We adopt a similar approach to that proposed in [26]. We generate, for each dataset, a heterogeneous ensemble of 200 models (classifiers) containing:

  • 60 Kppv: with 22 values for K ranging from 1 to the size of the training sample. Three weighting methods are applied: no weighting, inverse weighting and similarity weighting;

  • 110 SVM: we use 10 values for the complexity parameter {10−7, 10−6, 10−5, 10−4, 10−3, 10−2, 0.1, 1, 10, 100}, and 10 different kernels (2 polynomials of degree 2 and 3 and, 8 radial with gamma ∈ {0.001, 0.005, 0.01, 0.05, 0.1, 0.5, 1, 2};

  • 2 naive bayes: one model is built with the default parameters and another with a kernel estimate;

  • 4 decision trees: two values are used for the confidence factor {0.25, 0.5};

  • 24 MLPs with a single hidden layer containing 6 neurons.

For each dataset, the generation of the ensemble (composed of 200 models) is repeated 10 times and the majority vote is used for the combination of the different models.

In Table 2, we give the performance results or success rates obtained (calculated on an average of 10 iterations for each dataset) on the 8 datasets. Comparisons are made between the Initial ensemble EI, the method EMnGA, and FES [26].

Table 2. Success rates obtained respectively by EI, EMnGA and FES for the 8 datasets

The EMnGA method gives better performance compared to FES on 5 of the 8 datasets, with improvements ranging from 0.5% to 10.92%. FES is doing better than the proposed method on 3 dataset with improvements of 0.45% for kr-vs-kp and segment, and 1.27% for tick-to-toe. On average, across all datasets, EMnGA improves the performance of FES by 3% and the initial ensemble EI by 12% (Table 3).

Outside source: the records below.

lemma psd_matrix_inv:
  fixes A :: "real^'p::finite^'p"
  assumes "invertible A" "psd A"
  shows "psd (matrix_inv A)"
proof -
  have sym: "transpose A = A" using assms(2) unfolding psd_def by simp
  note inv = matrix_inv_symmetric[OF assms(1) sym]
  have "x \<bullet> (matrix_inv A *v x) = (matrix_inv A *v x) \<bullet> (A *v (matrix_inv A *v x))" for x
    by (simp add: matrix_vector_mul_assoc inv(1) inner_commute)
  then show ?thesis using assms(2) inv(3) unfolding psd_def by simp
qed

text \<open>Cauchy-Schwarz for the inner product \<open>x \<bullet> (A *v y)\<close> and its dual norm.\<close>

lemma inner_le_sqrt_quadratic_form_mult_norm:
  fixes A :: "real^'p::finite^'p"
  assumes "invertible A" "psd A"
  shows "d \<bullet> \<phi> \<le> sqrt (d \<bullet> (A *v d)) * norm (msqrt (matrix_inv A) *v \<phi>)"
proof -
  define P where "P = msqrt (matrix_inv A)"
  have sym: "transpose A = A" using assms(2) unfolding psd_def by simp
  note inv = matrix_inv_symmetric[OF assms(1) sym]
  have psdP: "psd P" and PP: "P ** P = matrix_inv A"
    unfolding P_def using psd_msqrt[OF psd_matrix_inv[OF assms]] by auto
  have symP: "transpose P = P" using psdP unfolding psd_def by simp
  have "d \<bullet> \<phi> = d \<bullet> (A *v (P *v (P *v \<phi>)))"
    by (simp add: matrix_vector_mul_assoc PP inv(1))
  also have "\<dots> = (P *v (A *v d)) \<bullet> (P *v \<phi>)"
    by (simp add: symmetric_inner_matrix_vector[OF sym] symmetric_inner_matrix_vector[OF symP])
  also have "\<dots> \<le> norm (P *v (A *v d)) * norm (P *v \<phi>)" by (rule norm_cauchy_schwarz)
  also have "norm (P *v (A *v d)) = sqrt (d \<bullet> (A *v d))"
  proof -
    have "(norm (P *v (A *v d)))\<^sup>2 = (A *v d) \<bullet> (matrix_inv A *v (A *v d))"
      using psd_quadratic_form_mult_self[OF psdP] PP by metis
    also have "\<dots> = d \<bullet> (A *v d)"
      by (simp add: matrix_vector_mul_assoc inv(2) inner_commute)
    finally show ?thesis by (metis norm_ge_zero real_sqrt_unique)
  qed
  finally show ?thesis unfolding P_def .
qed

lemma sum_UNIV_Plus:
  fixes f :: "'a::finite + 'b::finite \<Rightarrow> 'c::comm_monoid_add"
  shows "(\<Sum>i\<in>UNIV. f i) = (\<Sum>a\<in>UNIV. f (Inl a)) + (\<Sum>b\<in>UNIV. f (Inr b))"
  by (subst UNIV_Plus_UNIV[symmetric], subst sum.Plus) auto

definition hstack :: "real^'a::finite^'n::finite \<Rightarrow> real^'b::finite^'n \<Rightarrow> real^('a + 'b)^'n" where
  "hstack A B = (\<chi> i k. case k of Inl a \<Rightarrow> A $ i $ a | Inr b \<Rightarrow> B $ i $ b)"

lemma hstack_mult_vstack: "hstack A B *v vstack u v = A *v u + B *v v"
  unfolding hstack_def vstack_def matrix_vector_mult_def
  by (simp add: vec_eq_iff sum_UNIV_Plus)

lemma hstack_mult_mstack: "hstack A B ** mstack M N = A ** M + B ** N"
  unfolding hstack_def mstack_def matrix_matrix_mult_def
  by (simp add: vec_eq_iff sum_UNIV_Plus)
lemma pmf_entropy_map_pmf_inj:
  "finite (set_pmf p) \<Longrightarrow> b > 1 \<Longrightarrow> inj_on g (set_pmf p) \<Longrightarrow>
   pmf_entropy b (map_pmf g p) = pmf_entropy b p"
  using pmf_entropy_map_pmf_cong[of p b "\<lambda>x. x" g] by (simp add: inj_on_eq_iff)

lemma gibbs_inequality:
  fixes p q :: "'a \<Rightarrow> real"
  assumes S: "finite S" and pos: "\<And>t. t \<in> S \<Longrightarrow> 0 < p t" "\<And>t. t \<in> S \<Longrightarrow> 0 < q t"
    and sp: "sum p S = 1" and sq: "sum q S \<le> 1" and b: "b > 1"
  shows "0 \<le> (\<Sum>t\<in>S. p t * log b (p t / q t))"
proof -
  have lb: "0 < ln b" using b by simp
  have "(\<Sum>t\<in>S. (p t - q t) / ln b) \<le> (\<Sum>t\<in>S. p t * log b (p t / q t))"
  proof (rule sum_mono)
    fix t assume t: "t \<in> S"
    have pt: "0 < p t" and qt: "0 < q t" using pos t by auto
    have "ln (q t / p t) \<le> q t / p t - 1" by (rule ln_le_minus_one) (use pt qt in simp)
    moreover have "ln (p t / q t) = - ln (q t / p t)" using pt qt by (simp add: ln_div)
    ultimately have "1 - q t / p t \<le> ln (p t / q t)" by simp
    then have "p t * (1 - q t / p t) \<le> p t * ln (p t / q t)" using pt by (simp add: mult_left_mono)
    then have "p t - q t \<le> p t * ln (p t / q t)" using pt by (simp add: algebra_simps)
    then show "(p t - q t) / ln b \<le> p t * log b (p t / q t)"
      using lb by (simp add: log_def divide_right_mono)
  qed
  moreover have "(\<Sum>t\<in>S. (p t - q t) / ln b) = (sum p S - sum q S) / ln b"
    by (simp add: sum_divide_distrib[symmetric] sum_subtractf)
  moreover have "0 \<le> (sum p S - sum q S) / ln b" using sp sq lb by simp
  ultimately show ?thesis by linarith
qed

lemma pmf_entropy_le_log_card:
  assumes fin: "finite S" and sub: "set_pmf p \<subseteq> S" and b: "b > 1"
  shows "pmf_entropy b p \<le> log b (real (card S))"
proof -
  have fp: "finite (set_pmf p)" using finite_subset[OF sub fin] .
  have cS: "card S > 0" using sub fin set_pmf_not_empty by (metis card_gt_0_iff subset_empty)
  have "0 \<le> (\<Sum>t\<in>set_pmf p. pmf p t * log b (pmf p t / (1 / real (card S))))"
  proof (rule gibbs_inequality[OF fp _ _ _ _ b])
    show "sum (pmf p) (set_pmf p) = 1" by (rule sum_pmf_eq_1) (use fp in auto)
    have "card (set_pmf p) \<le> card S" by (rule card_mono[OF fin sub])
    then show "(\<Sum>t\<in>set_pmf p. 1 / real (card S)) \<le> 1" using cS by (simp add: field_simps)
  qed (use cS in \<open>auto simp: pmf_positive\<close>)
  also have "\<dots> = (\<Sum>t\<in>set_pmf p. pmf p t * log b (pmf p t) + pmf p t * log b (real (card S)))"
    by (rule sum.cong) (use cS b in \<open>auto simp: log_mult pmf_positive distrib_left\<close>)
  also have "\<dots> = - pmf_entropy b p + log b (real (card S))"
    by (simp add: sum.distrib pmf_entropy_def expect_def sum_distrib_right[symmetric] sum_pmf_eq_1 fp)
  finally show ?thesis by simp
qed

lemma sum_pmf_slice_eq_pmf_map_snd:
  assumes fin: "finite (set_pmf p)"
  shows "(\<Sum>a\<in>{a. (a, c) \<in> set_pmf p}. pmf p (a, c)) = pmf (map_pmf snd p) c"
proof -
  have "pmf (map_pmf snd p) c = measure p (snd -` {c} \<inter> set_pmf p)"
    by (simp add: pmf_map measure_Int_set_pmf)
  also have "\<dots> = sum (pmf p) (snd -` {c} \<inter> set_pmf p)"
    by (rule measure_measure_pmf_finite) (use fin in auto)
  also have "snd -` {c} \<inter> set_pmf p = (\<lambda>a. (a, c)) ` {a. (a, c) \<in> set_pmf p}" by auto
  also have "sum (pmf p) \<dots> = (\<Sum>a\<in>{a. (a, c) \<in> set_pmf p}. pmf p (a, c))"
    by (subst sum.reindex) (auto simp: inj_on_def)
  finally show ?thesis by simp
qed

lemma finite_slice: "finite S \<Longrightarrow> finite {a. (a, c) \<in> S}"
  by (rule finite_subset[of _ "fst ` S"]) force+

lemma cond_mutual_info_eq_entropies:
  assumes fin: "finite (set_pmf J)"
  shows "cond_mutual_info b J A B C =
    pmf_entropy b (map_pmf (\<lambda>w. (A w, C w)) J) + pmf_entropy b (map_pmf (\<lambda>w. (B w, C w)) J)
    - pmf_entropy b (map_pmf (\<lambda>w. (A w, B w, C w)) J) - pmf_entropy b (map_pmf C J)"
proof -
  define pABC where "pABC = map_pmf (\<lambda>w. (A w, B w, C w)) J"
  define pAC where "pAC = map_pmf (\<lambda>w. (A w, C w)) J"
  define pBC where "pBC = map_pmf (\<lambda>w. (B w, C w)) J"
  define pC where "pC = map_pmf C J"
  define F where "F = (\<lambda>(a, bb, c).
    log b ((pmf pABC (a, bb, c) * pmf pC c) / (pmf pAC (a, c) * pmf pBC (bb, c))))"
  have "cond_mutual_info b J A B C = expect pABC F"
    unfolding cond_mutual_info_def Let_def expect_def pABC_def[symmetric] pAC_def[symmetric]
      pBC_def[symmetric] pC_def[symmetric]
    by (rule sum.cong) (auto simp: F_def)
  also have "\<dots> = expect J (\<lambda>w. F (A w, B w, C w))"
    unfolding pABC_def by (simp add: expect_map_pmf fin)
  also have "\<dots> = expect J (\<lambda>w. log b (pmf pABC (A w, B w, C w)) + log b (pmf pC (C w))
       - log b (pmf pAC (A w, C w)) - log b (pmf pBC (B w, C w)))"
  proof (rule expect_cong)
    fix w assume w: "w \<in> set_pmf J"
    have "0 < pmf pABC (A w, B w, C w)" "0 < pmf pC (C w)"
      "0 < pmf pAC (A w, C w)" "0 < pmf pBC (B w, C w)"
      unfolding pABC_def pC_def pAC_def pBC_def
      using pmf_map_pmf_pos[OF w, of "\<lambda>w. (A w, B w, C w)"] pmf_map_pmf_pos[OF w, of C]
        pmf_map_pmf_pos[OF w, of "\<lambda>w. (A w, C w)"] pmf_map_pmf_pos[OF w, of "\<lambda>w. (B w, C w)"]
      by simp_all
    then show "F (A w, B w, C w) = log b (pmf pABC (A w, B w, C w)) + log b (pmf pC (C w))
       - log b (pmf pAC (A w, C w)) - log b (pmf pBC (B w, C w))"
      by (simp add: F_def log_mult log_divide)
  qed
  also have "\<dots> = pmf_entropy b pAC + pmf_entropy b pBC - pmf_entropy b pABC - pmf_entropy b pC"
    unfolding pABC_def pAC_def pBC_def pC_def
    by (simp add: expect_add expect_diff pmf_entropy_map_pmf[OF fin])
  finally show ?thesis unfolding pABC_def pAC_def pBC_def pC_def .
qed
text \<open>Since the pairing factors through \<open>T/U\<close>, there are at most \<open>|T/U|\<^sup>e\<close> such products.\<close>
lemma card_pairing_prods:
  assumes gs: "\<And>i. i < e \<Longrightarrow> gs i \<in> carrier G" and fin: "finite (rcosets_in G U T)"
  shows "finite (pairing_prods gs e) \<and> card (pairing_prods gs e) \<le> card (rcosets_in G U T) ^ e"
proof -
  let ?Ts = "{ts. \<forall>i<e. ts i \<in> T}"
  let ?cosets = "\<lambda>ts. restrict (\<lambda>i. U #> ts i) {..<e}"
  have sub: "?cosets ` ?Ts \<subseteq> PiE {..<e} (\<lambda>_. rcosets_in G U T)"
    by (auto simp: rcosets_in_def)
  have finPi: "finite (PiE {..<e} (\<lambda>_. rcosets_in G U T))" using fin by (simp add: finite_PiE)
  have factor: "pairing_prod gs e ts = pairing_prod gs e ss"
    if ts: "ts \<in> ?Ts" and ss: "ss \<in> ?Ts" and eq: "?cosets ts = ?cosets ss" for ts ss
    unfolding pairing_prod_def
  proof (rule Z.finprod_cong')
    show "(\<lambda>i. pairing (ss i) (gs i)) \<in> {..<e} \<rightarrow> carrier (H\<lparr>carrier := center H\<rparr>)"
      using ss by (auto simp: pairing_central gs)
    fix i assume "i \<in> {..<e}"
    then show "pairing (ts i) (gs i) = pairing (ss i) (gs i)"
      using ts ss fun_cong[OF eq, of i] by (intro pairing_rcoset) (auto simp: gs)
  qed simp
  have "finite (pairing_prods gs e) \<and> card (pairing_prods gs e) \<le> card (?cosets ` ?Ts)"
    unfolding pairing_prods_def using finite_subset[OF sub finPi] factor by (rule card_image_factor)
  moreover have "card (?cosets ` ?Ts) \<le> card (rcosets_in G U T) ^ e"
    using card_mono[OF finPi sub] by (simp add: card_PiE)
  ultimately show ?thesis by linarith
qed

lemma card_image_comm_le:
  assumes gs: "\<And>i. i < e \<Longrightarrow> gs i \<in> carrier G"
    and K: "K \<subseteq> carrier G" and TK: "\<And>t k. t \<in> T \<Longrightarrow> k \<in> K \<Longrightarrow> pairing t k = \<one>\<^bsub>H\<^esub>"
    and gen: "generate G (K \<union> gs ` {..<e}) = carrier G"
    and fin: "finite (rcosets_in G U T)"
  shows "finite (h ` comm_subgroup G T (carrier G))
    \<and> card (h ` comm_subgroup G T (carrier G)) \<le> card (rcosets_in G U T) ^ e"
proof -
  let ?P = "pairing_prods gs e"
  have P: "subgroup ?P H" by (rule pairing_prods_subgroup[of e gs, OF gs])
  have "K \<subseteq> {a \<in> carrier G. \<forall>t \<in> T. pairing t a \<in> ?P}"
    using K TK subgroup.one_closed[OF P] by auto
  moreover have "gs ` {..<e} \<subseteq> {a \<in> carrier G. \<forall>t \<in> T. pairing t a \<in> ?P}"
    using gs pairing_in_prods[of e gs, OF gs] by auto
  ultimately have "K \<union> gs ` {..<e} \<subseteq> {a \<in> carrier G. \<forall>t \<in> T. pairing t a \<in> ?P}"
    by (rule Un_least)
  then have "carrier G \<subseteq> {a \<in> carrier G. \<forall>t \<in> T. pairing t a \<in> ?P}"
    using G.generate_subgroup_incl[OF _ pairing_right_subgroup[OF P]] gen by blast
  then have sub: "h ` comm_subgroup G T (carrier G) \<subseteq> ?P"
    using P by (intro image_comm_subgroup_le) auto
  have finP: "finite ?P" and cardP: "card ?P \<le> card (rcosets_in G U T) ^ e"
    using card_pairing_prods[of e gs, OF gs fin] by auto
  show ?thesis
  proof
    show "finite (h ` comm_subgroup G T (carrier G))" by (rule finite_subset[OF sub finP])
    show "card (h ` comm_subgroup G T (carrier G)) \<le> card (rcosets_in G U T) ^ e"
      using card_mono[OF finP sub] cardP by linarith
  qed
qed

end

context group
begin

lemma comm_quotient_card_le:
  assumes T: "subgroup T G" and U: "subgroup U G" and UT: "U \<subseteq> T"
    and TU: "comm_subgroup G T (carrier G) \<subseteq> U"
    and gs: "\<And>i. i < e \<Longrightarrow> gs i \<in> carrier G" and K: "K \<subseteq> carrier G"
    and TK: "\<And>t k. t \<in> T \<Longrightarrow> k \<in> K \<Longrightarrow> commutator G t k \<in> comm_subgroup G U (carrier G)"
    and gen: "generate G (K \<union> gs ` {..<e}) = carrier G"
    and fin: "finite (rcosets_in G U T)"
  shows "finite (rcosets_in G (comm_subgroup G U (carrier G)) (comm_subgroup G T (carrier G)))
    \<and> card (rcosets_in G (comm_subgroup G U (carrier G)) (comm_subgroup G T (carrier G)))
        \<le> card (rcosets_in G U T) ^ e"
proof -
  let ?N = "comm_subgroup G U (carrier G)"
  have N: "?N \<lhd> G" using subgroup.subset[OF U] by (rule comm_subgroup_normal)
  have hom: "group_hom G (G Mod ?N) (\<lambda>x. ?N #> x)"
    using normal.factorgroup_is_group[OF N] normal.r_coset_hom_Mod[OF N] is_group
    by (simp add: group_hom_def group_hom_axioms_def)
  have kernel: "?N \<subseteq> kernel G (G Mod ?N) (\<lambda>x. ?N #> x)"
  proof
    fix x assume x: "x \<in> ?N"
    then have "x \<in> carrier G" by (rule subgroup.mem_carrier[OF normal_imp_subgroup[OF N]])
    with x show "x \<in> kernel G (G Mod ?N) (\<lambda>x. ?N #> x)"
      using normal.rcoset_eq_self_iff[OF N] by (simp add: kernel_def)
  qed
  interpret commutator_pairing G "G Mod ?N" "\<lambda>x. ?N #> x" T U
    using T U UT TU kernel
    by (intro commutator_pairing.intro[OF hom] commutator_pairing_axioms.intro)
      (simp_all add: carrier_FactGroup)
  have "pairing t k = \<one>\<^bsub>G Mod ?N\<^esub>" if "t \<in> T" "k \<in> K" for t k
    using that TK T_carrier K normal.rcoset_eq_self_iff[OF N]
    by (auto simp: pairing_def subset_iff)
  then show ?thesis
    using card_image_comm_le[of e gs, OF gs K _ gen fin] by (simp add: rcosets_in_def)
qed
lemma riemann_sum_upwind_sum_diff_tendsto:
  assumes G: "continuous_on UNIV G"
  shows "((\<lambda>h. riemann_sum h (\<lambda>x. (norm (G x))\<^sup>2) - upwind_sum h G) \<longlongrightarrow> 0) (at_right 0)"
proof -
  obtain M where M: "\<And>x. x \<in> cell_ball \<Longrightarrow> norm (G x) \<le> M"
    using continuous_bounded_on_cell_ball[OF G] by blast
  have "norm (riemann_sum h (\<lambda>x. (norm (G x))\<^sup>2) - upwind_sum h G)
        \<le> norm (\<Sum>k\<in>boundary_cells h. \<rho>h h k) * M\<^sup>2" if h: "0 < h" "h < 1" for h
  proof -
    have "0 \<le> (\<Sum>k\<in>boundary_cells h. \<rho>h h k)"
      using \<rho>h_nonneg[OF h(1)] by (intro sum_nonneg) (auto simp: boundary_cells_def)
    then show ?thesis using upwind_sum_gap[OF h(1) _ M] h by simp
  qed
  then have "eventually (\<lambda>h. norm (riemann_sum h (\<lambda>x. (norm (G x))\<^sup>2) - upwind_sum h G)
                        \<le> norm (\<Sum>k\<in>boundary_cells h. \<rho>h h k) * M\<^sup>2) (at_right 0)"
    unfolding eventually_at_right_field by (intro exI[of _ 1]) auto
  then show ?thesis by (rule tendsto_0_le[OF boundary_mass_tendsto])
qed

lemma set_integral_\<Omega>:
  assumes "continuous_on UNIV f"
  shows "(LINT x:\<Omega>|\<mu>. f x) = (\<integral>x. f x \<partial>\<mu>)"
proof -
  have "\<Omega> \<in> sets \<mu>" using sets_\<mu> \<Omega>_open by simp
  then show ?thesis
    unfolding set_lebesgue_integral_def
    using AE_in_\<Omega> continuous_imp_borel_measurable[OF assms]
    by (intro integral_cong_AE) (auto elim: eventually_mono)
qed

lemma Rstar_tendsto:
  fixes G :: "real^'d \<Rightarrow> real^'d" and \<xi>h :: "real \<Rightarrow> int^'d \<Rightarrow> int^'d \<Rightarrow> real"
  assumes G: "continuous_on UNIV G"
    and approx: "\<And>\<epsilon>. \<epsilon> > 0 \<Longrightarrow> eventually (\<lambda>h. \<forall>(k,l)\<in>E h.
               \<bar>\<xi>h h k l - G (ctr h k) \<bullet> (ctr h l - ctr h k)\<bar> \<le> \<epsilon> * h) (at_right 0)"
  shows "((\<lambda>h. Rstar \<Omega> h (a h) (\<rho>h h) (\<xi>h h)) \<longlongrightarrow> (1/2) * (LINT x:\<Omega>|\<mu>. (norm (G x))\<^sup>2)) (at_right 0)"
proof -
  have N: "continuous_on UNIV (\<lambda>x. (norm (G x))\<^sup>2)" by (intro continuous_intros G)
  let ?R = "\<lambda>h. Rstar \<Omega> h (a h) (\<rho>h h) (\<xi>h h)" and ?N = "\<lambda>h. riemann_sum h (\<lambda>x. (norm (G x))\<^sup>2)"
  have R: "?R h = (?R h - upwind_sum h G / 2) - (?N h - upwind_sum h G) / 2 + ?N h / 2" for h
    by (simp add: field_simps)
  have "((\<lambda>h. (?R h - upwind_sum h G / 2) - (?N h - upwind_sum h G) / 2 + ?N h / 2)
          \<longlongrightarrow> 0 - 0 / 2 + (\<integral>x. (norm (G x))\<^sup>2 \<partial>\<mu>) / 2) (at_right 0)"
    by (intro tendsto_intros Rstar_upwind_sum_diff_tendsto riemann_sum_upwind_sum_diff_tendsto
              riemann_sum_tendsto G N approx) auto
  then show ?thesis by (subst R) (simp add: set_integral_\<Omega>[OF N])
qed

section \<open>Convolution with the limit measure\<close>

abbreviation "diff_ball \<equiv> cball (0::real^'d) (2 * (\<Omega>_radius + real CARD('d)))"

lemma diff_in_diff_ball: "x \<in> cell_ball \<Longrightarrow> y \<in> cell_ball \<Longrightarrow> x - y \<in> diff_ball"
  using norm_triangle_ineq4[of x y] by simp

lemma riemann_sum_inner_left: "riemann_sum h (\<lambda>y. f y \<bullet> u) = riemann_sum h f \<bullet> u"
  by (simp add: riemann_sum_def inner_sum_left)

lemma continuous_on_convolution:
  fixes g :: "real^'d \<Rightarrow> 'b::{banach, second_countable_topology}"
  assumes g: "continuous_on UNIV g"
  shows "continuous_on UNIV (\<lambda>x. \<integral>y. g (x - y) \<partial>\<mu>)"
proof (rule continuous_at_imp_continuous_on, intro ballI)
  fix x0 :: "real^'d"
  let ?K = "cball (0::real^'d) (norm x0 + 1 + (\<Omega>_radius + real CARD('d)))"
  show "isCont (\<lambda>x. \<integral>y. g (x - y) \<partial>\<mu>) x0"
    unfolding continuous_at_eps_delta
  proof (intro allI impI)
    fix e :: real assume e: "e > 0"
    have "uniformly_continuous_on ?K g"
      by (rule compact_uniformly_continuous[OF continuous_on_subset[OF g]]) auto
    then obtain \<delta> where "\<delta> > 0" and \<delta>: "\<forall>x\<in>?K. \<forall>y\<in>?K. dist y x < \<delta> \<longrightarrow> dist (g y) (g x) < e/2"
      unfolding uniformly_continuous_on_def using e half_gt_zero by blast
    have "dist (\<integral>y. g (x - y) \<partial>\<mu>) (\<integral>y. g (x0 - y) \<partial>\<mu>) < e" if x: "dist x x0 < min 1 \<delta>" for x
    proof -
      have "norm ((\<integral>y. g (x - y) \<partial>\<mu>) - (\<integral>y. g (x0 - y) \<partial>\<mu>)) \<le> e/2"
      proof (rule norm_integral_diff_le[OF continuous_on_translate[OF g] continuous_on_translate[OF g]])
        fix y assume "y \<in> \<Omega>"
        then have "norm y \<le> \<Omega>_radius + real CARD('d)" using \<Omega>_subset_cell_ball by auto
        moreover have "norm x \<le> norm x0 + 1" using x norm_triangle_sub[of x x0] by (simp add: dist_norm)
        ultimately have "x - y \<in> ?K" "x0 - y \<in> ?K"
          using norm_triangle_ineq4[of x y] norm_triangle_ineq4[of x0 y] by simp_all
        moreover have "dist (x - y) (x0 - y) < \<delta>" using x by (simp add: dist_norm)
        ultimately have "dist (g (x - y)) (g (x0 - y)) < e/2" using \<delta> by blast
        then show "norm (g (x - y) - g (x0 - y)) \<le> e/2" by (simp add: dist_norm)
      qed
      then show ?thesis using e by (simp add: dist_norm)
    qed
    then show "\<exists>d>0. \<forall>x. dist x x0 < d \<longrightarrow> dist (\<integral>y. g (x - y) \<partial>\<mu>) (\<integral>y. g (x0 - y) \<partial>\<mu>) < e"
      using \<open>\<delta> > 0\<close> by (intro exI[of _ "min 1 \<delta>"]) auto
  qed
qed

Table 3. Sizes of ensembles obtained by EMnGA and FES on the 8 datasets

We note that FES method generate ensembles with reduced sizes in 6 cases among the 8 with reductions ranging from 0.2 to 2.3. EMnGA reduces the size of the credit-g and tick-to-toe datasets by 0.1 and 1.8, respectively. On average, on the 8 datasets, FES allows a reduction of 0.5 compared to EMnGA.

5 Conclusion and Future Work

In this paper we proposed an ensemble selection method using diversity based entropy measurement combined to a genetic algorithm based strategy search. The proposed method was compared with the FES method [27] which uses a forward selection course for heterogeneous ensembles. Based on the comparison made against the criteria of performance and size of the ensemble generated, we have observed that the EMnGA method generate larger ensembles in most cases compared to FES due mainly to the strategy search method used to explores more possibilities but gives better performance.

In future work, we will compare the measure with other methods in the literature using other search strategies and will use more datasets in order to formally validate our results with appropriate statistical tests. We will also experience a measure based on diversity and performance in order to see the impact of jointly using both criteria. Finally, we intend to apply the EMnGA method in random forest ensemble simplification.